Administração Pública

Incubadora de
bons motoristas

ISAIAS DALLE - 05/03/2002

Com o trajeto já desenhado na memória, o motorista acelera o automóvel muito além do que deveria nas ruas da cidade. Satisfeito pela paciência que demonstrou no primeiro semáforo vermelho encontrado pelo caminho, resolve desprezar o sinal seguinte. O trânsito lhe pareceu livre. Esse erro de avaliação se manifesta logo em seguida, no estrondo seco vindo do violento choque de veículos em uma das principais esquinas do Município.

Apesar de toda a sequência ter sido flagrada por câmeras que fiscalizam o trânsito, a infração vai render para o autor, no máximo, uma admoestação. E nenhuma punição poderia ser mais responsável que essa. Afinal, o imprudente é apenas uma criança e o acidente ocorreu durante uma das aulas interativas do CRT (Centro de Reflexão do Trânsito), criado pela Prefeitura de São Bernardo para formar bons motoristas. Os carros que bateram são miniaturas guiadas por controle remoto e percorriam avenidas de uma caprichosa maquete, na qual a realidade e seus perigos são simulados. Nesse caso ainda há, portanto, tempo de fazer do agora inofensivo infrator um motorista responsável e comprometido com a vida.
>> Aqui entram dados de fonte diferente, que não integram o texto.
lemma w_count_le_card_avoiders:
  assumes "distinct \<pi>" "set \<pi> = {1..length \<pi>}" "n \<le> l"
  shows "w_count l n \<pi> \<le> card (avoiders (pattern_perm \<pi>) (length \<pi>) (Suc l))"
proof -
  define W where "W = {\<sigma>. length \<sigma> = l \<and> set \<sigma> \<subseteq> {1..n} \<and> avoids \<sigma> \<pi>}"
  have "list_graph ` W \<subseteq> avoiders (pattern_perm \<pi>) (length \<pi>) (Suc l)"
  proof
    fix P assume "P \<in> list_graph ` W"
    then obtain \<sigma> where \<sigma>: "\<sigma> \<in> W" "P = list_graph \<sigma>" by blast
    have "\<sigma> ! i \<le> l" if "i < length \<sigma>" for i
    proof -
      have "\<sigma> ! i \<in> {1..n}" using \<sigma>(1) nth_mem[OF that] by (auto simp: W_def)
      then show ?thesis using assms(3) by simp
    qed
    then have "list_graph \<sigma> \<subseteq> {..<Suc l} \<times> {..<Suc l}"
      using \<sigma>(1) by (auto simp: list_graph_def W_def less_Suc_eq_le)
    moreover have "\<not> contains_pattern (pattern_perm \<pi>) (length \<pi>) (list_graph \<sigma>)"
      using \<sigma>(1) contains_if_contains_pattern_list_graph[OF assms(2)] by (auto simp: W_def avoids_def)
    ultimately show "P \<in> avoiders (pattern_perm \<pi>) (length \<pi>) (Suc l)"
      using \<sigma>(2) by (simp add: avoiders_def)
  qed
  moreover have "inj_on list_graph W"
  proof (rule inj_onI)
    fix s t assume st: "s \<in> W" "t \<in> W" "list_graph s = list_graph t"
    have "length s = length t" using st by (simp add: W_def)
    moreover have "s ! i = t ! i" if "i < length s" for i
    proof -
      have "(i, s ! i) \<in> list_graph t" using st(3) that by (auto simp: list_graph_def)
      then show ?thesis by (auto simp: list_graph_def)
    qed
    ultimately show "s = t" by (simp add: nth_equalityI)
  qed
  ultimately have "card W \<le> card (avoiders (pattern_perm \<pi>) (length \<pi>) (Suc l))"
    by (metis card_inj_on_le finite_avoiders)
  then show ?thesis unfolding w_count_def W_def .
qed

lemma s_count_le_w_count:
  assumes "(\<Sum>i=1..n. \<mu> i) = l"
  shows "s_count n \<mu> \<pi> \<le> w_count l n \<pi>"
proof -
  have "{\<sigma> \<in> multiset_perms n \<mu>. avoids \<sigma> \<pi>} \<subseteq> {\<sigma>. length \<sigma> = l \<and> set \<sigma> \<subseteq> {1..n} \<and> avoids \<sigma> \<pi>}"
  proof
    fix \<sigma> assume \<sigma>: "\<sigma> \<in> {\<sigma> \<in> multiset_perms n \<mu>. avoids \<sigma> \<pi>}"
    then have set_\<sigma>: "set \<sigma> \<subseteq> {1..n}" and "\<forall>i\<in>{1..n}. count_list \<sigma> i = \<mu> i"
      by (auto simp: multiset_perms_def)
    then have "length \<sigma> = l" using sum_count_set[OF set_\<sigma>] assms by simp
    then show "\<sigma> \<in> {\<sigma>. length \<sigma> = l \<and> set \<sigma> \<subseteq> {1..n} \<and> avoids \<sigma> \<pi>}" using \<sigma> set_\<sigma> by simp
  qed
  moreover have "finite {\<sigma>. length \<sigma> = l \<and> set \<sigma> \<subseteq> {1..n} \<and> avoids \<sigma> \<pi>}"
    by (rule finite_subset[OF _ finite_lists_length_eq[of "{1..n}" l]]) auto
  ultimately show ?thesis unfolding s_count_def w_count_def by (rule card_mono[rotated])
qed

lemma w_count_exponential:
  assumes "distinct \<pi>" "set \<pi> = {1..length \<pi>}"
  shows "\<exists>e. \<forall>n l. 1 \<le> n \<longrightarrow> n \<le> l \<longrightarrow> w_count l n \<pi> \<le> e ^ l"
proof -
  obtain E :: nat where "1 \<le> E" and E: "\<forall>N. card (avoiders (pattern_perm \<pi>) (length \<pi>) N) \<le> E ^ N"
    using card_avoiders_exponential[OF pattern_perm_permutes[OF assms]] by blast
  have "w_count l n \<pi> \<le> (E ^ 2) ^ l" if "1 \<le> n" "n \<le> l" for n l
  proof -
    have "w_count l n \<pi> \<le> E ^ Suc l"
      using w_count_le_card_avoiders[OF assms \<open>n \<le> l\<close>] E le_trans by blast
    also have "\<dots> \<le> E ^ (2 * l)" using \<open>1 \<le> E\<close> that by (intro power_increasing) auto
    finally show ?thesis by (simp add: power_mult)
  qed
  then show ?thesis by blast
qed

theorem corollary9:
  fixes \<pi> :: "nat list" and k :: nat
  assumes "distinct \<pi>" and "set \<pi> = {1..k}"
  shows "\<exists>e :: real. \<forall>n l. 1 \<le> n \<longrightarrow> n \<le> l \<longrightarrow>
           (\<forall>\<mu> :: nat \<Rightarrow> nat. (\<forall>i\<in>{1..n}. \<mu> i > 0) \<longrightarrow> (\<Sum>i=1..n. \<mu> i) = l \<longrightarrow>
              real (s_count n \<mu> \<pi>) \<le> e ^ l) \<and>
           real (w_count l n \<pi>) \<le> e ^ l"
proof -
  have "set \<pi> = {1..length \<pi>}" using distinct_card[OF assms(1)] assms(2) by simp
  then obtain e :: nat where w_count: "\<And>n l. 1 \<le> n \<Longrightarrow> n \<le> l \<Longrightarrow> w_count l n \<pi> \<le> e ^ l"
    using w_count_exponential[OF assms(1)] by blast
  have "s_count n \<mu> \<pi> \<le> e ^ l" if "1 \<le> n" "n \<le> l" "(\<Sum>i=1..n. \<mu> i) = l" for n l \<mu>
    using s_count_le_w_count[OF that(3)] w_count[OF that(1,2)] by (rule le_trans)
  then show ?thesis
    using w_count by (intro exI[of _ "real e"]) (simp del: of_nat_power add: of_nat_power[symmetric])
qed

end
lemma polyhedral_sublinear_lsc:
  assumes "finite C" "C \<noteq> {}" "y < ereal (l \<bullet> w) + polyhedral_sublinear C D w"
  shows "\<forall>\<^sub>F w' in nhds w. y < ereal (l \<bullet> w') + polyhedral_sublinear C D w'"
proof (cases "w \<in> polar_cone D")
  case True
  obtain c where c: "c \<in> C" "max_inner C w = c \<bullet> w"
    using max_inner_attained assms(1,2) by blast
  have "((\<lambda>w'. l \<bullet> w' + c \<bullet> w') \<longlongrightarrow> l \<bullet> w + c \<bullet> w) (nhds w)"
    by (intro tendsto_intros filterlim_ident)
  moreover have "y < ereal (l \<bullet> w + c \<bullet> w)"
    using assms(3) True c unfolding polyhedral_sublinear_def by simp
  ultimately have "\<forall>\<^sub>F w' in nhds w. y < ereal (l \<bullet> w' + c \<bullet> w')"
    by (cases y) (auto dest: order_tendstoD(1))
  then show ?thesis
  proof (rule eventually_mono)
    fix w' assume "y < ereal (l \<bullet> w' + c \<bullet> w')"
    also have "\<dots> \<le> ereal (l \<bullet> w') + polyhedral_sublinear C D w'"
      using max_inner_upper[OF assms(1) c(1), of w'] unfolding polyhedral_sublinear_def by simp
    finally show "y < ereal (l \<bullet> w') + polyhedral_sublinear C D w'" .
  qed
next
  case False
  then obtain d where "d \<in> D" "0 < d \<bullet> w"
    unfolding polar_cone_def by (auto simp: not_le)
  moreover have "((\<lambda>w'. d \<bullet> w') \<longlongrightarrow> d \<bullet> w) (nhds w)"
    by (intro tendsto_intros filterlim_ident)
  ultimately have "\<forall>\<^sub>F w' in nhds w. 0 < d \<bullet> w'"
    by (auto dest: order_tendstoD(1))
  moreover have "y \<noteq> \<infinity>"
    using assms(3) by auto
  ultimately show ?thesis
    by (elim eventually_mono) (use \<open>d \<in> D\<close> in \<open>auto simp: polyhedral_sublinear_def polar_cone_def\<close>)
qed

lemma subspace_differences_convex_cone:
  assumes "convex_cone K"
  shows "subspace {a - b | a b. a \<in> K \<and> b \<in> K}"
  unfolding subspace_def
proof (intro conjI ballI allI)
  show "0 \<in> {a - b | a b. a \<in> K \<and> b \<in> K}"
    using assms by (force simp: convex_cone_iff)
next
  fix x y assume "x \<in> {a - b | a b. a \<in> K \<and> b \<in> K}" "y \<in> {a - b | a b. a \<in> K \<and> b \<in> K}"
  then obtain a b a' b' where "x = a - b" "y = a' - b'" and K: "a \<in> K" "b \<in> K" "a' \<in> K" "b' \<in> K"
    by blast
  then have "x + y = (a + a') - (b + b')"
    by simp
  with K show "x + y \<in> {a - b | a b. a \<in> K \<and> b \<in> K}"
    using assms by (blast intro: convex_cone_add)
next
  fix c :: real and x assume "x \<in> {a - b | a b. a \<in> K \<and> b \<in> K}"
  then obtain a b where ab: "x = a - b" "a \<in> K" "b \<in> K"
    by blast
  show "c *\<^sub>R x \<in> {a - b | a b. a \<in> K \<and> b \<in> K}"
  proof (cases "0 \<le> c")
    case True
    then show ?thesis
      using ab assms by (auto simp: scaleR_diff_right intro: convex_cone_scaleR)
  next
    case False
    then have "(- c) *\<^sub>R a \<in> K" "(- c) *\<^sub>R b \<in> K"
      using ab assms by (auto intro!: convex_cone_scaleR simp del: scaleR_minus_left)
    moreover have "c *\<^sub>R x = (- c) *\<^sub>R b - (- c) *\<^sub>R a"
      unfolding ab(1) by (simp add: algebra_simps)
    ultimately show ?thesis
      by blast
  qed
qed

lemma normal_vanishing_on_convex_cone:
  fixes K :: "'a::euclidean_space set"
  assumes "convex_cone K" "w \<notin> {a - b | a b. a \<in> K \<and> b \<in> K}"
  obtains e where "e \<bullet> w = 1" "\<forall>k\<in>K. e \<bullet> k = 0"
proof -
  have "K \<subseteq> {a - b | a b. a \<in> K \<and> b \<in> K}"
    using assms(1) by (force simp: convex_cone_iff)
  then have "span K \<subseteq> {a - b | a b. a \<in> K \<and> b \<in> K}"
    using assms(1) by (intro span_minimal subspace_differences_convex_cone)
  then have "w \<notin> span K"
    using assms(2) by blast
  then have "span K \<subset> span (insert w K)"
    by (metis insertI1 psubsetI span_base span_mono subset_insertI)
  then obtain x where x: "x \<noteq> 0" "x \<in> span (insert w K)" "\<And>y. y \<in> span K \<Longrightarrow> orthogonal x y"
    using orthogonal_to_subspace_exists_gen by blast
  have "x \<bullet> w \<noteq> 0"
  proof
    assume "x \<bullet> w = 0"
    then have "orthogonal x y" if "y \<in> insert w K" for y
      using that x(3) span_base by (auto simp: orthogonal_def)
    then have "orthogonal x x"
      using x(2) orthogonal_to_span by blast
    then show False
      using x(1) by (simp add: orthogonal_def)
  qed
  then show thesis
    using x(3) span_base by (intro that[of "(1 / (x \<bullet> w)) *\<^sub>R x"]) (auto simp: orthogonal_def)
qed
lemma Phi_on_cball_diff_le:
  fixes f1 f2 :: "'a::euclidean_space \<Rightarrow> real" and a1 a2 :: "('a \<Rightarrow> int) \<Rightarrow> real"
  assumes [measurable]: "f1 \<in> borel_measurable lebesgue" "f2 \<in> borel_measurable lebesgue"
    and e: "0 < e" and "0 \<le> ka" "0 \<le> \<eta>"
    and approx1: "\<And>m. m \<in> cube_indices e R \<Longrightarrow> Phi_on (cube e m) G (\<lambda>y. f1 y - a1 m) \<le>
      ennreal ka * (\<integral>\<^sup>+x\<in>cube e m. Psi_density s G \<delta> f1 x \<partial>lebesgue)"
    and approx2: "\<And>m. m \<in> cube_indices e R \<Longrightarrow> Phi_on (cube e m) G (\<lambda>y. f2 y - a2 m) \<le>
      ennreal ka * (\<integral>\<^sup>+x\<in>cube e m. Psi_density s G \<delta> f2 x \<partial>lebesgue)"
    and "Psi s G \<delta> f1 \<le> 1" "Psi s G \<delta> f2 \<le> 1"
    and close: "\<And>m. m \<in> cube_indices e R \<Longrightarrow> G \<bar>a1 m - a2 m\<bar> \<le> \<eta>"
  shows "Phi_on (cball 0 R) G (\<lambda>x. f1 x - f2 x) \<le> ennreal (doubling_const ^ 2 *
    (2 * ka + real (card (cube_indices e R :: ('a \<Rightarrow> int) set)) * \<eta> * e ^ DIM('a)))"
proof -
  define I where "I = (cube_indices e R :: ('a \<Rightarrow> int) set)"
  define E1 where "E1 = (\<Sum>m\<in>I. Phi_on (cube e m) G (\<lambda>x. f1 x - a1 m))"
  define E2 where "E2 = (\<Sum>m\<in>I. Phi_on (cube e m) G (\<lambda>x. f2 x - a2 m))"
  have sum_const: "(\<Sum>m\<in>I. ennreal (\<eta> * e ^ DIM('a))) = ennreal (real (card I) * (\<eta> * e ^ DIM('a)))"
    using \<open>0 \<le> \<eta>\<close> e by (simp add: ennreal_mult ennreal_of_nat_eq_real_of_nat)
  have "Phi_on (cball 0 R) G (\<lambda>x. f1 x - f2 x) \<le> (\<Sum>m\<in>I. Phi_on (cube e m) G (\<lambda>x. f1 x - f2 x))"
    unfolding Phi_on_def I_def
    by (intro set_nn_integral_le_sum_cover finite_cube_indices cball_subset_cubes e) auto
  also have "\<dots> \<le> (\<Sum>m\<in>I. ennreal (doubling_const ^ 2) * (Phi_on (cube e m) G (\<lambda>x. f1 x - a1 m) +
      ennreal (\<eta> * e ^ DIM('a)) + Phi_on (cube e m) G (\<lambda>x. f2 x - a2 m)))"
  proof (rule sum_mono)
    fix m assume "m \<in> I"
    then have "ennreal (G \<bar>a1 m - a2 m\<bar>) * emeasure lebesgue (cube e m) \<le> ennreal (\<eta> * e ^ DIM('a))"
      unfolding emeasure_cube[OF e] using close[of m] nonneg e
      by (simp add: I_def ennreal_mult[symmetric] mult_right_mono ennreal_leI)
    then show "Phi_on (cube e m) G (\<lambda>x. f1 x - f2 x) \<le> ennreal (doubling_const ^ 2) *
        (Phi_on (cube e m) G (\<lambda>x. f1 x - a1 m) + ennreal (\<eta> * e ^ DIM('a)) +
         Phi_on (cube e m) G (\<lambda>x. f2 x - a2 m))"
      using Phi_on_diff_le[of f1 f2 "cube e m" "a1 m" "a2 m"]
      by (auto elim!: order_trans intro!: mult_left_mono add_mono)
  qed
  also have "\<dots> = ennreal (doubling_const ^ 2) * (E1 + ennreal (real (card I) * (\<eta> * e ^ DIM('a))) + E2)"
    unfolding E1_def E2_def sum_const[symmetric] sum_distrib_left[symmetric] sum.distrib ..
  also have "\<dots> \<le> ennreal (doubling_const ^ 2) * (ennreal ka + ennreal (real (card I) * (\<eta> * e ^ DIM('a))) + ennreal ka)"
    unfolding E1_def E2_def I_def using assms
    by (intro mult_left_mono add_mono sum_cube_approx_errors_le order_refl) auto
  also have "\<dots> = ennreal (doubling_const ^ 2 * (2 * ka + real (card I) * \<eta> * e ^ DIM('a)))"
    using assms e by (simp add: ennreal_mult[symmetric] ennreal_plus[symmetric] algebra_simps del: ennreal_plus)
  finally show ?thesis
    unfolding I_def .
qed

end

section \<open>Subsequences that are Cauchy in modular\<close>

lemma mult_divide_add_one_le:
  assumes "0 < \<mu>" "0 \<le> c"
  shows "real n * (c / (\<mu> * (real n + 1))) * \<mu> \<le> c"
proof -
  have "real n * (c / (\<mu> * (real n + 1))) * \<mu> = c * (real n / (real n + 1))"
    using assms by (simp add: divide_simps)
  also have "\<dots> \<le> c"
    using assms by (intro mult_left_le) auto
  finally show ?thesis .
qed

lemma bounded_finite_family_convergent_subseq:
  fixes X :: "nat \<Rightarrow> 'i \<Rightarrow> real"
  assumes "finite I" "\<And>k i. i \<in> I \<Longrightarrow> \<bar>X k i\<bar> \<le> B"
  obtains r where "strict_mono r" "\<And>i. i \<in> I \<Longrightarrow> convergent (\<lambda>k. X (r k) i)"
proof -
  have "\<exists>r. strict_mono r \<and> (\<forall>i\<in>I. convergent (\<lambda>k. X (r k) i))"
    using assms
  proof (induction I rule: finite_induct)
    case empty
    show ?case by (intro exI[of _ id]) (auto simp: strict_mono_def)
  next
    case (insert i I)
    then obtain r where r: "strict_mono r" "\<forall>j\<in>I. convergent (\<lambda>k. X (r k) j)"
      by auto
    obtain t where t: "strict_mono t" "monoseq (\<lambda>n. X (r (t n)) i)"
      using seq_monosub[of "\<lambda>n. X (r n) i"] by blast
    have "convergent (\<lambda>n. X (r (t n)) i)"
      using insert.prems by (intro Bseq_monoseq_convergent[OF BseqI'[of _ B] t(2)]) auto
    moreover have "convergent (\<lambda>k. X (r (t k)) j)" if "j \<in> I" for j
      using convergent_subseq_convergent[OF r(2)[rule_format, OF that] t(1)] by (simp add: o_def)
    ultimately show ?case
      using strict_mono_o[OF r(1) t(1)] unfolding comp_def by (intro exI[of _ "\<lambda>k. r (t k)"]) auto
  qed
  then show ?thesis
    using that by blast
qed

definition Phi_on_cauchy_le :: "(real \<Rightarrow> real) \<Rightarrow> 'a::euclidean_space set \<Rightarrow> real \<Rightarrow> (nat \<Rightarrow> 'a \<Rightarrow> real) \<Rightarrow> bool"
  where "Phi_on_cauchy_le G A \<epsilon> f \<longleftrightarrow> (\<exists>J. \<forall>j\<ge>J. \<forall>k\<ge>J. Phi_on A G (\<lambda>x. f j x - f k x) \<le> ennreal \<epsilon>)"

lemma Phi_on_cauchy_le_subseq:
  assumes "strict_mono r" "Phi_on_cauchy_le G A \<epsilon> f"
  shows "Phi_on_cauchy_le G A \<epsilon> (\<lambda>k. f (r k))"
  using assms seq_suble[OF assms(1)] unfolding Phi_on_cauchy_le_def by (meson order_trans)

lemma Phi_on_cauchy_le_mono:
  assumes "A \<subseteq> B" "\<epsilon> \<le> \<epsilon>'" "Phi_on_cauchy_le G B \<epsilon> f"
  shows "Phi_on_cauchy_le G A \<epsilon>' f"
  using assms Phi_on_subset_le[OF assms(1)] unfolding Phi_on_cauchy_le_def
  by (meson ennreal_leI order_trans)

lemma Phi_on_cauchy_le_shift:
  assumes "Phi_on_cauchy_le G A \<epsilon> (\<lambda>k. f (m + k))"
  shows "Phi_on_cauchy_le G A \<epsilon> f"
proof -
  obtain J where J: "\<And>j k. J \<le> j \<Longrightarrow> J \<le> k \<Longrightarrow> Phi_on A G (\<lambda>x. f (m + j) x - f (m + k) x) \<le> ennreal \<epsilon>"
    using assms unfolding Phi_on_cauchy_le_def by blast
  have "Phi_on A G (\<lambda>x. f j x - f k x) \<le> ennreal \<epsilon>" if "m + J \<le> j" "m + J \<le> k" for j k
    using J[of "j - m" "k - m"] that by simp
  then show ?thesis
    unfolding Phi_on_cauchy_le_def by blast
qed

definition locally_modular_cauchy :: "(real \<Rightarrow> real) \<Rightarrow> (nat \<Rightarrow> 'a::euclidean_space \<Rightarrow> real) \<Rightarrow> bool"
  where "locally_modular_cauchy G f \<longleftrightarrow> (\<forall>R \<epsilon>. 0 < \<epsilon> \<longrightarrow> Phi_on_cauchy_le G (cball 0 R) \<epsilon> f)"

lemma locally_modular_cauchy_subseq:
  "strict_mono r \<Longrightarrow> locally_modular_cauchy G f \<Longrightarrow> locally_modular_cauchy G (\<lambda>k. f (r k))"
  unfolding locally_modular_cauchy_def by (blast intro: Phi_on_cauchy_le_subseq)
(* Let $p$ be an odd prime, $r\ge3$ with $p\nmid r$, $D=\mathrm{D}_{2r}$, and let $G=V\rtimes_\psi D$ with $V=\mathbb{Z}_p^d$ and $\psi:D\to\mathrm{GL}(V)$ irreducible and non-trivial. Let $A=\mathrm{Aut}(G)$. Then $A=\mathrm{Inn}_G(V)\rtimes\mathrm{N}_A(D)$, and $\mathrm{Inn}_G(V)\cong V$.
   Context: $\mathrm{D}_{2r}$ is the dihedral group of order $2r$; $V\rtimes_\psi D$ is the semidirect product where $D$ acts on $V=\mathbb{F}_p^d$ via the representation $\psi$ over $\mathbb{F}_p$. For $g\in G$, $\tilde g$ is the inner automorphism $h\mapsto ghg^{-1}$, and for $H\le G$, $\mathrm{Inn}_G(H)=\{\tilde h: h\in H\}\le\mathrm{Aut}(G)$. $\mathrm{N}_A(D)=\{f\in A: f(D)=D\}$. *)

theory Defs
  imports "HOL-Algebra.Bij" "HOL-Algebra.Coset" "HOL-Computational_Algebra.Primes"
begin

definition Zp_vec :: "nat \<Rightarrow> nat \<Rightarrow> (nat \<Rightarrow> int) monoid" where
  "Zp_vec p d = \<lparr>carrier = {v. (\<forall>i<d. 0 \<le> v i \<and> v i < int p) \<and> (\<forall>i\<ge>d. v i = 0)},
                 monoid.mult = (\<lambda>v w i. (v i + w i) mod int p),
                 monoid.one = (\<lambda>i. 0)\<rparr>"

text \<open>The dihedral group of order 2r: (a, s) stands for rho^a sigma^s, where rho is a
  rotation of order r, sigma a reflection, and sigma rho = rho^(-1) sigma.\<close>
definition dihedral_group :: "nat \<Rightarrow> (int \<times> bool) monoid" where
  "dihedral_group r = \<lparr>carrier = {0..<int r} \<times> UNIV,
     monoid.mult = (\<lambda>(a, s) (b, t). ((a + (if s then - b else b)) mod int r, s \<noteq> t)),
     monoid.one = (0, False)\<rparr>"

definition semidirect ::
  "('v, 'x) monoid_scheme \<Rightarrow> ('d, 'y) monoid_scheme \<Rightarrow> ('d \<Rightarrow> 'v \<Rightarrow> 'v) \<Rightarrow> ('v \<times> 'd) monoid" where
  "semidirect V D \<psi> = \<lparr>carrier = carrier V \<times> carrier D,
     monoid.mult = (\<lambda>(v, g) (w, h). (v \<otimes>\<^bsub>V\<^esub> \<psi> g w, g \<otimes>\<^bsub>D\<^esub> h)),
     monoid.one = (\<one>\<^bsub>V\<^esub>, \<one>\<^bsub>D\<^esub>)\<rparr>"

text \<open>psi is an irreducible representation of D on the F_p-space V (for an elementary
  abelian p-group, F_p-subspaces are exactly the subgroups).\<close>
definition irreducible_rep :: "('d, 'y) monoid_scheme \<Rightarrow> ('v, 'x) monoid_scheme \<Rightarrow> ('d \<Rightarrow> 'v \<Rightarrow> 'v) \<Rightarrow> bool" where
  "irreducible_rep D V \<psi> \<longleftrightarrow> carrier V \<noteq> {\<one>\<^bsub>V\<^esub>} \<and>
     (\<forall>W. subgroup W V \<and> (\<forall>g\<in>carrier D. \<psi> g ` W \<subseteq> W) \<longrightarrow> W = {\<one>\<^bsub>V\<^esub>} \<or> W = carrier V)"
lemma small_pq_bounds:
  fixes p q :: real
  assumes "\<bar>p\<bar> < 1 / 4" "\<bar>q\<bar> < 1 / 4"
  defines "y \<equiv> (p + q) / (2 * (1 + p * q))"
  shows "15 / 16 < 1 + p * q" "\<bar>y\<bar> < 4 / 15"
proof -
  have "\<bar>p\<bar> * \<bar>q\<bar> \<le> \<bar>p\<bar> * (1 / 4)"
    using assms by (intro mult_left_mono) auto
  then have "\<bar>p * q\<bar> < 1 / 16"
    using assms by (simp add: abs_mult)
  then show u: "15 / 16 < 1 + p * q"
    by linarith
  have "\<bar>y\<bar> * (15 / 8) \<le> \<bar>y\<bar> * (2 * (1 + p * q))"
    using u by (intro mult_left_mono) auto
  also have "\<dots> = \<bar>p + q\<bar>"
    using u by (simp add: y_def abs_divide)
  also have "\<dots> < 1 / 2"
    using assms by linarith
  finally show "\<bar>y\<bar> < 4 / 15"
    by linarith
qed

lemma catalan_parameters:
  fixes p q :: real
  assumes "\<bar>p\<bar> < 1 / 4" "\<bar>q\<bar> < 1 / 4"
  defines "y \<equiv> (p + q) / (2 * (1 + p * q))"
    and "C \<equiv> catC ((p + q)\<^sup>2 / (4 * (1 + p * q)\<^sup>2))"
  shows "0 < (1 + p * q) / C" "\<bar>y * C\<bar> < 1"
    and "(1 + p * q) / C * (1 - y * C)\<^sup>2 = (1 - p) * (1 - q)"
    and "(1 + p * q) / C * (1 + y * C)\<^sup>2 = (1 + p) * (1 + q)"
proof -
  note bounds = small_pq_bounds[OF assms(1,2), folded y_def]
  have y2: "y * (2 * (1 + p * q)) = p + q"
    using bounds(1) by (simp add: y_def)
  have "\<bar>y\<bar> * \<bar>y\<bar> \<le> 1 / 2 * (1 / 2)"
    using bounds(2) by (intro mult_mono) auto
  then have z: "y\<^sup>2 \<le> 1 / 4"
    by (simp add: power2_eq_square)
  have "C = catC (y\<^sup>2)"
    by (simp add: C_def y_def power_divide power_mult_distrib del: distrib_left_numeral)
  then have C: "C = 1 + (y * C)\<^sup>2" "0 < C" "C \<le> 2"
    using catC_equation[OF z] catC_bounds[OF z] by (simp_all add: power_mult_distrib)
  show "0 < (1 + p * q) / C"
    using bounds(1) C(2) by simp
  have "\<bar>y * C\<bar> \<le> \<bar>y\<bar> * 2"
    using C by (simp add: abs_mult mult_left_mono)
  then show "\<bar>y * C\<bar> < 1"
    using bounds(2) by linarith
  have "2 * (y * C) * ((1 + p * q) / C) = p + q"
    using C(2) y2 by (simp add: field_simps)
  moreover have "(1 + (y * C)\<^sup>2) * ((1 + p * q) / C) = 1 + p * q"
    using C by simp
  ultimately show "(1 + p * q) / C * (1 - y * C)\<^sup>2 = (1 - p) * (1 - q)"
    and "(1 + p * q) / C * (1 + y * C)\<^sup>2 = (1 + p) * (1 + q)"
    by algebra+
qed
Foi a partir dessa aposta no futuro que foi criado o CRT, em 2001. Com área de 6,3 mil metros quadrados e 4,1 mil metros quadrados de instalações próximas ao Ginásio Poliesportivo, o CRT consumiu R$ 2,6 milhões. A maioria dos visitantes são crianças, já que o espaço foi idealizado preferencialmente para elas. Duas maquetes atraem com mais força o olhar por reproduzir prédios e vias da cidade, habitados por pequeninos bonecos e vigiados todo o tempo por câmeras miniaturas -- semelhantes às que tanto amedrontam motoristas na vida real. 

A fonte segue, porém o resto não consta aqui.